Whether it was the beer buzz or a sense of immortality, I felt the need to challenge him. Something deep within me wanted to prove this man, this apparition, wrong.
“You’re lying,” I said, and speaking slowly I enunciated each word, as if to convince myself as much as to emphasise the point to him. “You. Are. Me!”
He grinned again and his tongue lolled out. He looked like a rabid dog about to pounce.
“You don’t get it, do you bro?” he said dangerously quietly. “I’m more than you. I’m better than you!”
Bitter than you.
“If it weren’t for me, you’d be pissing into the wind my friend. You’d be a wreck.”
Wrick.
“You want me sticking around son, let me tell you. I’m warning you right now, if I walk away you’ll be in a world of hurt little man!”
He was using lines from my favourite movies against me now. He let that hang in the air, standing ten or so feet away, staring at me. Was he expecting a response? Did he want me to challenge him? I couldn’t work it out. It was the most extraordinary situation I had been in on the island so far, and there had been plenty. I was standing in the street having an argument with a visual manifestation… of myself. I decided enough was enough.
“I’m not sure what you expect me to do, Hans,” I said hesitatingly. “But I’m not having this argument any more. You’re not real.”
I turned my back to him and began walking towards the beach, fully expecting a tirade of abuse to be hurled at my departing form. After a few paces nothing had happened so I stopped and turned around again, not sure what to expect.
But not expecting what I saw.
Hans had disappeared. So had his beer glass. His chair was still pulled out from the table as if he had been sitting there all along, but aside from that there wasn’t a single trace of him. I stared, gawping, trying to make sense of the situation in my head. To my surprise, I had to stifle a small laugh. Well that’s that, I thought to myself. I shrugged and turned my attention again towards the beach.
The attack came from out of nowhere. Somehow he had worked his way around behind me in silence. As I turned beach-wards, a thumping crack landed on the right side of my head just above my ear, and I screamed in shock and surprise. The pain exploded through my skull and my vision became awash with bright light. I reached up and grabbed my head with both hands, and felt a sharp blow land in my ribs, doubling me up. The pain tore through my chest in a massive wave.

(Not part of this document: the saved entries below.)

(* Let $k\ge 1$, $0\le r<k$ and $n\ge 1$ be integers, and let $$B_n(k,r,x)=\left(\binom{i-k+1+r}{i-j}x^k+\binom{i+1+r}{i-j+1}\right)_{i,j=0}^{n-1}.$$ Then $x^r\det B_n(k,r,x)=F^{(k)}_{kn+r}(x)$.
   Context: Binomial coefficients are the generalized ones: for an integer $m$ (possibly negative) and an integer $j$, $\binom{m}{j}=\frac{m(m-1)\cdots(m-j+1)}{j!}$ if $j\ge 0$ and $\binom{m}{j}=0$ if $j<0$. For an integer $k\ge1$, the generalized Fibonacci polynomials $F^{(k)}_n(x)\in\mathbb{Z}[x]$ ($n\ge0$) are defined by $F^{(k)}_n(x)=x^n$ for $0\le n<k$ and $F^{(k)}_n(x)=xF^{(k)}_{n-1}(x)+F^{(k)}_{n-k}(x)$ for $n\ge k$. *)

theory Defs
  imports "HOL-Computational_Algebra.Polynomial" "Jordan_Normal_Form.Determinant"
begin

text \<open>Generalized binomial coefficient for integer upper argument m and integer lower
argument j: m(m-1)...(m-j+1)/j! if j >= 0, and 0 if j < 0. The division is exact.\<close>
definition gbinom :: "int \<Rightarrow> int \<Rightarrow> int" where
  "gbinom m j = (if j < 0 then 0
     else (\<Prod>i<nat j. (m - int i)) div int (fact (nat j)))"

text \<open>Generalized Fibonacci polynomials F^(k)_n(x) in Z[x] (only meaningful for k >= 1;
  the k = 0 guard just ensures termination).\<close>
fun genfib :: "nat \<Rightarrow> nat \<Rightarrow> int poly" where
  "genfib k n = (if k = 0 \<or> n < k then monom 1 n
     else pCons 0 (genfib k (n - 1)) + genfib k (n - k))"

definition Bmat :: "nat \<Rightarrow> nat \<Rightarrow> nat \<Rightarrow> int poly mat" where
  "Bmat n k r = mat n n (\<lambda>(i,j).
      smult (of_int (gbinom (int i - int k + 1 + int r) (int i - int j))) (monom 1 k)
      + [: of_int (gbinom (int i + 1 + int r) (int i - int j + 1)) :])"

end

theory Submission
  imports Defs "HOL-Computational_Algebra.Formal_Power_Series"
begin

text \<open>
  \<open>F\<^sub>m\<close> counts tilings of a strip of length m by squares of weight x and k-blocks of
  weight 1, so \<open>x\<^sup>r G\<^sub>j = F\<^sub>k\<^sub>j\<^sub>+\<^sub>r\<close> with
  \<open>G\<^sub>j = \<Sum>\<^sub>q C(j + r + (k-1)q, j - q) x\<^sup>k\<^sup>q\<close> (\<open>genfib_quotient k r j\<close>).
  B is lower Hessenberg with unit superdiagonal, and by two alternating Vandermonde
  convolutions row i of B annihilates \<open>(w\<^sub>0, \<dots>, w\<^sub>i\<^sub>+\<^sub>1)\<close> for \<open>w\<^sub>l = (-1)\<^sup>l G\<^sub>l\<close>.
  Adding the columns \<open>l \<ge> 1\<close> with weights \<open>w\<^sub>l\<close> to the first one clears it except
  for \<open>-w\<^sub>n\<close> in the last row, and expanding along it gives \<open>det B = (-1)\<^sup>n w\<^sub>n = G\<^sub>n\<close>.
\<close>

subsection \<open>Generalized binomial coefficients\<close>

lemma gbinom_negative: "j < 0 \<Longrightarrow> gbinom m j = 0"
  by (simp add: gbinom_def)

lemma of_int_gbinom: "0 \<le> j \<Longrightarrow> (of_int (gbinom m j) :: 'a :: field_char_0) = of_int m gchoose nat j"
  using of_int_gbinomial[of m "nat j", where 'a='a] gbinomial_prod_rev[of m "nat j"]
  by (simp add: gbinom_def atLeast0LessThan)

lemma gbinom_0 [simp]: "gbinom m 0 = 1"
  by (simp add: gbinom_def)

lemma gbinom_of_nat: "gbinom (int N) (int M) = int (N choose M)"
proof -
  have "(of_int (gbinom (int N) (int M)) :: rat) = of_int (int (N choose M))"
    by (simp add: of_int_gbinom binomial_gbinomial)
  then show ?thesis
    by (simp only: of_int_eq_iff)
qed

lemma gbinom_negated_upper: "gbinom m s = (-1) ^ nat s * gbinom (s - m - 1) s"
proof (cases "s < 0")
  case True
  then show ?thesis by (simp add: gbinom_negative)
next
  case False
  then have "(of_int (gbinom m s) :: rat) = of_int ((-1) ^ nat s * gbinom (s - m - 1) s)"
    using gbinomial_negated_upper[of "of_int m :: rat" "nat s"] by (simp add: of_int_gbinom)
  then show ?thesis
    by (simp only: of_int_eq_iff)
qed

lemma gbinom_Vandermonde:
  "(\<Sum>t=0..n. gbinom a (int t) * gbinom b (int n - int t)) = gbinom (a + b) (int n)"
proof -
  have "(of_int (\<Sum>t=0..n. gbinom a (int t) * gbinom b (int n - int t)) :: rat)
      = (\<Sum>t=0..n. (of_int a gchoose t) * (of_int b gchoose (n - t)))"
  proof (intro of_int_sum[THEN trans] sum.cong refl)
    fix t assume "t \<in> {0..n}"
    then have "int n - int t = int (n - t)" by simp
    then show "(of_int (gbinom a (int t) * gbinom b (int n - int t)) :: rat)
        = (of_int a gchoose t) * (of_int b gchoose (n - t))"
      by (simp only: of_int_mult of_int_gbinom of_nat_0_le_iff nat_int)
  qed
  also have "\<dots> = of_int (gbinom (a + b) (int n))"
    by (simp add: gbinomial_Vandermonde of_int_gbinom)
  finally show ?thesis
    by (simp only: of_int_eq_iff)
qed

lemma gbinom_convolution:
  "(\<Sum>j=0..N. gbinom m (int N - int j) * gbinom b (int j - int q)) = gbinom (m + b) (int N - int q)"
proof (cases "N < q")
  case True
  then show ?thesis by (auto simp: gbinom_negative intro!: sum.neutral)
next
  case False
  have "(\<Sum>j=0..N. gbinom m (int N - int j) * gbinom b (int j - int q))
      = (\<Sum>j=q..N. gbinom m (int N - int j) * gbinom b (int j - int q))"
    by (rule sum.mono_neutral_right) (auto simp: gbinom_negative)
  also have "\<dots> = (\<Sum>t=0..N-q. gbinom b (int t) * gbinom m (int (N - q) - int t))"
    using False sum.shift_bounds_cl_nat_ivl[of
        "\<lambda>j. gbinom m (int N - int j) * gbinom b (int j - int q)" 0 q "N - q"]
    by (simp add: of_nat_diff algebra_simps)
  also have "\<dots> = gbinom (m + b) (int N - int q)"
    using False gbinom_Vandermonde[of b m "N - q"] by (simp add: of_nat_diff add.commute)
  finally show ?thesis .
qed

lemma gbinom_alternating_convolution:
  "(\<Sum>j=0..N. (-1) ^ j * gbinom m (int N - int j) * gbinom (int j + p) (int j - int q))
    = (-1) ^ q * gbinom (m - p - int q - 1) (int N - int q)"
proof -
  \<comment> \<open>negating the upper index turns the sign \<open>(-1)\<^sup>j\<close> into the constant \<open>(-1)\<^sup>q\<close>\<close>
  have sign: "(-1) ^ j * gbinom (int j + p) (int j - int q)
      = (-1) ^ q * gbinom (- p - int q - 1) (int j - int q)" for j
  proof (cases "j < q")
    case True
    then show ?thesis by (simp add: gbinom_negative)
  next
    case False
    then obtain e where j: "j = q + e"
      using le_Suc_ex not_less by blast
    have "(-1::int) ^ j * (-1) ^ e = (-1) ^ q"
      by (simp add: j power_add mult.assoc flip: power_mult_distrib)
    then show ?thesis
      by (subst gbinom_negated_upper) (simp add: j algebra_simps)
  qed
  have "(\<Sum>j=0..N. (-1) ^ j * gbinom m (int N - int j) * gbinom (int j + p) (int j - int q))
      = (-1) ^ q * (\<Sum>j=0..N. gbinom m (int N - int j) * gbinom (- p - int q - 1) (int j - int q))"
    unfolding sum_distrib_left by (intro sum.cong refl) (metis sign mult.assoc mult.left_commute)
  also have "\<dots> = (-1) ^ q * gbinom (m + (- p - int q - 1)) (int N - int q)"
    by (simp only: gbinom_convolution)
  also have "m + (- p - int q - 1) = m - p - int q - 1"
    by simp
  finally show ?thesis .
qed

subsection \<open>Coefficients of the generalized Fibonacci polynomials\<close>

definition genfib_coeff :: "nat \<Rightarrow> nat \<Rightarrow> nat \<Rightarrow> int" where
  "genfib_coeff k m d =
     (if d \<le> m \<and> k dvd (m - d) then int ((d + (m - d) div k) choose ((m - d) div k)) else 0)"

lemma genfib_coeff_eq: "k \<ge> 1 \<Longrightarrow> genfib_coeff k (d + k * s) d = int ((d + s) choose s)"
  by (simp add: genfib_coeff_def)

lemma genfib_coeff_eq_0:
  assumes "\<nexists>s. m = d + k * s"
  shows "genfib_coeff k m d = 0"
proof (rule ccontr)
  assume "genfib_coeff k m d \<noteq> 0"
  then have d: "d \<le> m" and dvd: "k dvd (m - d)"
    by (auto simp: genfib_coeff_def split: if_splits)
  from dvd obtain s where "m - d = k * s" ..
  with d have "m = d + k * s" by simp
  with assms show False by blast
qed

lemma genfib_coeff_step_0:
  assumes "k \<ge> 1" and "k \<le> m"
  shows "genfib_coeff k (m - k) 0 = genfib_coeff k m 0"
proof -
  have "(m - k) mod k = m mod k" "m div k = Suc ((m - k) div k)"
    using assms by (simp_all add: le_mod_geq le_div_geq)
  then show ?thesis
    by (simp add: genfib_coeff_def dvd_eq_mod_eq_0)
qed

lemma genfib_coeff_step_Suc:
  assumes k: "k \<ge> 1" and m: "k \<le> m"
  shows "genfib_coeff k (m - 1) d + genfib_coeff k (m - k) (Suc d) = genfib_coeff k m (Suc d)"
proof (cases "\<exists>s. m = Suc d + k * s")
  case True
  then obtain s where s: "m = Suc d + k * s" by blast
  show ?thesis
  proof (cases s)
    case 0
    with s m k have "genfib_coeff k (m - k) (Suc d) = 0"
      by (intro genfib_coeff_eq_0) auto
    then show ?thesis
      using genfib_coeff_eq[OF k, of d 0] genfib_coeff_eq[OF k, of "Suc d" 0] s 0 by simp
  next
    case (Suc s')
    have "m - 1 = d + k * s" "m - k = Suc d + k * s'"
      using s Suc by simp_all
    then show ?thesis
      using s Suc genfib_coeff_eq[OF k, of d s] genfib_coeff_eq[OF k, of "Suc d" s']
        genfib_coeff_eq[OF k, of "Suc d" s] by simp
  qed
next
  case False
  have "genfib_coeff k (m - 1) d = 0"
  proof (rule genfib_coeff_eq_0, rule notI)
    assume "\<exists>s. m - 1 = d + k * s"
    then obtain s where "m - 1 = d + k * s" ..
    with k m have "m = Suc d + k * s" by simp
    with False show False by blast
  qed
  moreover have "genfib_coeff k (m - k) (Suc d) = 0"
  proof (rule genfib_coeff_eq_0, rule notI)
    assume "\<exists>s. m - k = Suc d + k * s"
    then obtain s where "m - k = Suc d + k * s" ..
    with m have "m = Suc d + k * Suc s" by simp
    with False show False by blast
  qed
  ultimately show ?thesis
    using genfib_coeff_eq_0[OF False] by simp
qed

\<comment> \<open>as a rewrite rule the defining equation of \<open>genfib\<close> unfolds forever\<close>
declare genfib.simps [simp del]

lemma genfib_less: "m < k \<Longrightarrow> genfib k m = monom 1 m"
  by (subst genfib.simps) simp

lemma genfib_rec: "1 \<le> k \<Longrightarrow> k \<le> m \<Longrightarrow> genfib k m = pCons 0 (genfib k (m - 1)) + genfib k (m - k)"
  by (subst genfib.simps) simp

lemma genfib_coeff_less:
  assumes k: "k \<ge> 1" and m: "m < k"
  shows "genfib_coeff k m d = (if m = d then 1 else 0)"
proof (cases "m = d")
  case True
  then show ?thesis using genfib_coeff_eq[OF k, of d 0] by simp
next
  case False
  have "\<nexists>s. m = d + k * s"
  proof
    assume "\<exists>s. m = d + k * s"
    then obtain s where s: "m = d + k * s" ..
    with False have "s \<noteq> 0" by auto
    then have "k \<le> k * s" by simp
    with s m show False by linarith
  qed
  with False show ?thesis by (simp add: genfib_coeff_eq_0)
qed

lemma coeff_genfib:
  assumes k: "k \<ge> 1"
  shows "coeff (genfib k m) d = genfib_coeff k m d"
proof (induction m arbitrary: d rule: less_induct)
  case (less m)
  show ?case
  proof (cases "m < k")
    case True
    then show ?thesis by (simp add: genfib_less coeff_monom genfib_coeff_less[OF k])
  next
    case False
    then have mk: "k \<le> m" by simp
    have IH: "coeff (genfib k (m - 1)) d' = genfib_coeff k (m - 1) d'"
        "coeff (genfib k (m - k)) d' = genfib_coeff k (m - k) d'" for d'
      using less.IH k mk by simp_all
    show ?thesis
    proof (cases d)
      case 0
      then show ?thesis
        unfolding genfib_rec[OF k mk] coeff_add
        by (simp only: coeff_pCons_0 IH genfib_coeff_step_0[OF k mk] add_0)
    next
      case (Suc d')
      then show ?thesis
        unfolding genfib_rec[OF k mk] coeff_add
        by (simp only: coeff_pCons_Suc IH genfib_coeff_step_Suc[OF k mk])
    qed
  qed
qed

subsection \<open>The polynomials \<open>G\<^sub>j\<close>\<close>

definition genfib_quotient_coeff :: "nat \<Rightarrow> nat \<Rightarrow> nat \<Rightarrow> nat \<Rightarrow> int" where
  "genfib_quotient_coeff k r j q = gbinom (int j + (int r + (int k - 1) * int q)) (int j - int q)"

definition genfib_quotient :: "nat \<Rightarrow> nat \<Rightarrow> nat \<Rightarrow> int poly" where
  "genfib_quotient k r j = (\<Sum>q\<le>j. monom (genfib_quotient_coeff k r j q) (k * q))"

lemma genfib_quotient_coeff_eq_0: "j < q \<Longrightarrow> genfib_quotient_coeff k r j q = 0"
  by (simp add: genfib_quotient_coeff_def gbinom_negative)

lemma genfib_quotient_0: "genfib_quotient k r 0 = 1"
  by (simp add: genfib_quotient_def genfib_quotient_coeff_def one_pCons monom_0)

I gasped for breath, but kept my hands up to shelter my head from further blows. I felt a warm liquid start to course down my check, and in that instant I knew the bastard had glassed me. I managed to open my eyes in an attempt to parry further blows, and saw bright red blood dripping through my hands onto the pavement.
“Hans! Stop!” I cried, still in shock at what had just happened. Another sharp pain barked through my left leg, and I knew he had kicked me. The blow knocked me off balance, and I fell to the hard concrete pavement, knees crumbling beneath me. I curled into the foetal position, trying to stop the attack. I felt powerless, unable to defend myself as I was in such pain and disorientation.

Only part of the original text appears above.